In your terminal, you will be able to see whether your registers are 256 bits (indicating AVX or AVX2) or 512 bits (indicating AVX-512). Additionally, if you are working from a laptop, you may also notice a Turbo Boost value, which refers to a different GHz value. This is the value that will be used in future theoretical calculations.

#### 2.4 Memory: RAM

Random Access Memory (RAM) is a type of volatile memory that temporarily stores data and instructions needed by the CPU to perform tasks. RAM typically stores data in the order of gigabytes (GB), allowing the system to manage multiple active programs and processes simultaneously. This supports the smooth execution of complex operations.

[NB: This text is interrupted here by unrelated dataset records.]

lemma maximal_ideal_principal_mod_square:
  assumes NR: "number_ring R" and P: "maximal_ideal_in R P" "P \<noteq> {0}"
    and norm: "ideal_norm R (ideal_prod R P P) \<le> ideal_norm R P ^ 2"
  obtains \<pi> where "\<pi> \<in> P" "\<pi> \<noteq> 0" "P \<subseteq> ideal_gen R (insert \<pi> (ideal_prod R P P))"
proof (cases "P \<subseteq> ideal_prod R P P")
  case True
  obtain x where "x \<in> P" "x \<noteq> 0"
    using P(2) ideal_0[OF maximal_ideal_ideal[OF P(1)]] by blast
  moreover have "P \<subseteq> ideal_gen R (insert x (ideal_prod R P P))"
    using True ideal_gen_superset by blast
  ultimately show ?thesis
    using that by blast
next
  case False
  then obtain \<pi> where \<pi>: "\<pi> \<in> P" "\<pi> \<notin> ideal_prod R P P"
    by blast
  have PI: "ideal_in R P"
    using P(1) by (rule maximal_ideal_ideal)
  have "0 \<in> ideal_prod R P P"
    using ideal_0[OF ideal_prod_ideal[OF number_ring_subring[OF NR] PI PI]] .
  then have "\<pi> \<noteq> 0"
    using \<pi>(2) by auto
  moreover have "P \<subseteq> ideal_gen R (insert \<pi> (ideal_prod R P P))"
  proof
    fix y assume "y \<in> P"
    show "y \<in> ideal_gen R (insert \<pi> (ideal_prod R P P))"
    proof (rule ccontr)
      assume "y \<notin> ideal_gen R (insert \<pi> (ideal_prod R P P))"
      then show False
        using ideal_norm_square_gt[OF NR P(1) \<pi> \<open>y \<in> P\<close>] norm by simp
    qed
  qed
  ultimately show ?thesis
    using that \<pi>(1) by blast
qed

section \<open>Localization at a maximal ideal\<close>

text \<open>\<open>saturation R p J\<close> is \<open>J R\<^sub>p \<inter> R\<close>; it lets us argue in the localization \<open>R\<^sub>p\<close> without constructing it.\<close>
definition saturation :: "'a::field_char_0 set \<Rightarrow> 'a set \<Rightarrow> 'a set \<Rightarrow> 'a set" where
  "saturation R p J = {x \<in> R. \<exists>s\<in>R. s \<notin> p \<and> s * x \<in> J}"

lemma saturation_ideal:
  assumes R: "is_subring R" and p: "prime_ideal_in R p" and J: "ideal_in R J"
  shows "ideal_in R (saturation R p J)"
  unfolding ideal_in_def[of R "saturation R p J"]
proof (intro conjI ballI)
  show "saturation R p J \<subseteq> R"
    unfolding saturation_def by blast
  show "0 \<in> saturation R p J"
    unfolding saturation_def
    using ideal_0[OF J] subring_0[OF R] subring_1[OF R] prime_ideal_one_notin[OF p] by force
  fix x y assume "x \<in> saturation R p J" "y \<in> saturation R p J"
  then obtain s1 s2 where s: "s1 \<in> R" "s1 \<notin> p" "s1 * x \<in> J" "s2 \<in> R" "s2 \<notin> p" "s2 * y \<in> J"
    and xy: "x \<in> R" "y \<in> R"
    unfolding saturation_def by blast
  have "(s1 * s2) * (x + y) = s2 * (s1 * x) + s1 * (s2 * y)"
    by (simp add: algebra_simps)
  also have "\<dots> \<in> J"
    using s ideal_add[OF J] ideal_lmult[OF J] by blast
  finally have "(s1 * s2) * (x + y) \<in> J" .
  moreover have "s1 * s2 \<in> R" "s1 * s2 \<notin> p"
    using s subring_mult[OF R] prime_ideal_mult_notin[OF p] by auto
  moreover have "x + y \<in> R"
    using xy subring_add[OF R] by blast
  ultimately show "x + y \<in> saturation R p J"
    unfolding saturation_def by blast
  have "s1 * (- x) \<in> J"
    using ideal_uminus[OF J s(3)] by simp
  then show "- x \<in> saturation R p J"
    unfolding saturation_def using s(1,2) xy(1) subring_uminus[OF R] by blast
next
  fix r x assume r: "r \<in> R" and "x \<in> saturation R p J"
  then obtain s where s: "s \<in> R" "s \<notin> p" "s * x \<in> J" "x \<in> R"
    unfolding saturation_def by blast
  have "s * (r * x) \<in> J"
    using ideal_lmult[OF J r s(3)] by (simp add: mult.left_commute)
  then show "r * x \<in> saturation R p J"
    unfolding saturation_def using s r subring_mult[OF R] by blast
qed

lemma saturation_superset:
  assumes R: "is_subring R" and p: "prime_ideal_in R p" and J: "J \<subseteq> R"
  shows "J \<subseteq> saturation R p J"
  unfolding saturation_def using J subring_1[OF R] prime_ideal_one_notin[OF p] by force

lemma saturation_idem:
  assumes R: "is_subring R" and p: "prime_ideal_in R p"
  shows "saturation R p (saturation R p J) \<subseteq> saturation R p J"
proof
  fix x assume "x \<in> saturation R p (saturation R p J)"
  then obtain s1 s2 where s: "x \<in> R" "s1 \<in> R" "s1 \<notin> p" "s2 \<in> R" "s2 \<notin> p" "s2 * (s1 * x) \<in> J"
    unfolding saturation_def by blast
  have "(s2 * s1) * x \<in> J"
    using s(6) by (simp add: mult.assoc)
  moreover have "s2 * s1 \<in> R" "s2 * s1 \<notin> p"
    using s subring_mult[OF R] prime_ideal_mult_notin[OF p] by auto
  ultimately show "x \<in> saturation R p J"
    unfolding saturation_def using s(1) by blast
qed

lemma saturation_mono: "J \<subseteq> J' \<Longrightarrow> saturation R p J \<subseteq> saturation R p J'"
  unfolding saturation_def by blast

lemma square_subset_saturation_lincomb:
  assumes R: "is_subring R" and p: "prime_ideal_in R p" and N: "ideal_in R N" and g: "g \<in> p"
    and gen: "p \<subseteq> saturation R p (ideal_gen R (insert g N))"
  shows "ideal_prod R p p \<subseteq> saturation R p {n + c * g | n c. n \<in> N \<and> c \<in> p}"
    (is "_ \<subseteq> saturation R p ?Z")
proof -
  have pI: "ideal_in R p"
    using p by (rule prime_ideal_ideal)
  have gR: "g \<in> R"
    using g ideal_subset[OF pI] by blast
  have "ideal_in R (saturation R p ?Z)"
    using saturation_ideal[OF R p ideal_lincomb[OF R N pI gR]] .
  then show ?thesis
    unfolding ideal_prod_def
  proof (rule ideal_gen_minimal, safe)
    fix a b assume ab: "a \<in> p" "b \<in> p"
    have "ideal_gen R (insert g N) = {n + r * g | n r. n \<in> N \<and> r \<in> R}"
      using ideal_gen_insert[OF R ideal_subset[OF N] gR] ideal_gen_ideal_eq[OF N] by simp
    moreover have "b \<in> saturation R p (ideal_gen R (insert g N))"
      using gen ab(2) by blast
    ultimately have "b \<in> saturation R p {n + r * g | n r. n \<in> N \<and> r \<in> R}"
      by simp
    then obtain s where s: "s \<in> R" "s \<notin> p" "s * b \<in> {n + r * g | n r. n \<in> N \<and> r \<in> R}"
      unfolding saturation_def by blast
    then obtain n r where nr: "s * b = n + r * g" "n \<in> N" "r \<in> R"
      by blast
    have aR: "a \<in> R"
      using ab(1) ideal_subset[OF pI] by blast
    have "s * (a * b) = a * (s * b)"
      by (simp add: algebra_simps)
    also have "\<dots> = a * n + (a * r) * g"
      by (simp only: nr(1) distrib_left mult.assoc)
    finally have "s * (a * b) = a * n + (a * r) * g" .
    moreover have "a * n \<in> N" "a * r \<in> p"
      using ideal_lmult[OF N aR nr(2)] ideal_rmult[OF pI nr(3) ab(1)] .
    ultimately have "s * (a * b) \<in> ?Z"
      by blast
    moreover have "a * b \<in> R"
      using aR ab(2) ideal_subset[OF pI] subring_mult[OF R] by blast
    ultimately show "a * b \<in> saturation R p ?Z"
      unfolding saturation_def using s(1,2) by blast
  qed
qed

However, RAM speed is slower than CPU speed, which can lead to bottlenecks. In such cases, the performance of the CPU is limited by the data transfer speed from the RAM. Some examples of RAM data transmission times, taken from the document [...], are:

- 1. Memory 3200 MHz, CL16:  $\frac{16}{3200}\times 1000 \simeq 5[ms]$
- 2. Memory 4000 MHz, CL19:  $\frac{19}{4000}\times 1000 \simeq 4.75 [ms]$
- 3. Memory 2400 MHz, CL17:  $\frac{17}{2400}\times 1000 \simeq 7.08[ms]$

#### 2.5 Memory: Cache

In modern computing, the CPU is tasked with processing vast amounts of data and instructions at incredible speeds. However, retrieving this information from the main memory (RAM) can be relatively slow, creating a bottleneck that limits the CPU's performance. To bridge this gap and ensure the CPU can work as efficiently as possible, cache memory was introduced. Cache serves as a high-speed storage located closer to the CPU, designed to temporarily hold frequently accessed data and instructions. This reduces the time the CPU spends waiting for data retrieval, significantly improving system performance.

Modern CPUs use a multi-level cache hierarchy to enhance performance. Typically, there are three levels: L1, L2, and L3. L1 cache is the smallest but fastest and resides directly within the CPU cores. L2 cache is larger and slightly slower, while L3 is even bigger but still significantly faster than RAM. By utilizing these cache levels, CPUs can prioritize faster access to data that is more likely to be used again. The efficiency of this system ensures that the CPU spends less time waiting for data retrieval and more time processing information.

The following diagram illustrates the different levels of memory in a typical computer system, arranged in a pyramid to highlight the trade-offs between speed, cost, and capacity. At the top, CPU registers and cache memory (SRAM) are the fastest and most expensive per bit, but offer limited capacity. As we move down the pyramid, memory types like main memory (DRAM) and storage solutions such as magnetic disks and optical disks provide larger capacities but come with slower access times and lower costs per bit. This hierarchy demonstrates the balance between speed and storage, emphasizing why cache memory plays such a crucial role in optimizing CPU performance by acting as an intermediary between the extremely fast CPU registers and the slower but more abundant main memory and storage.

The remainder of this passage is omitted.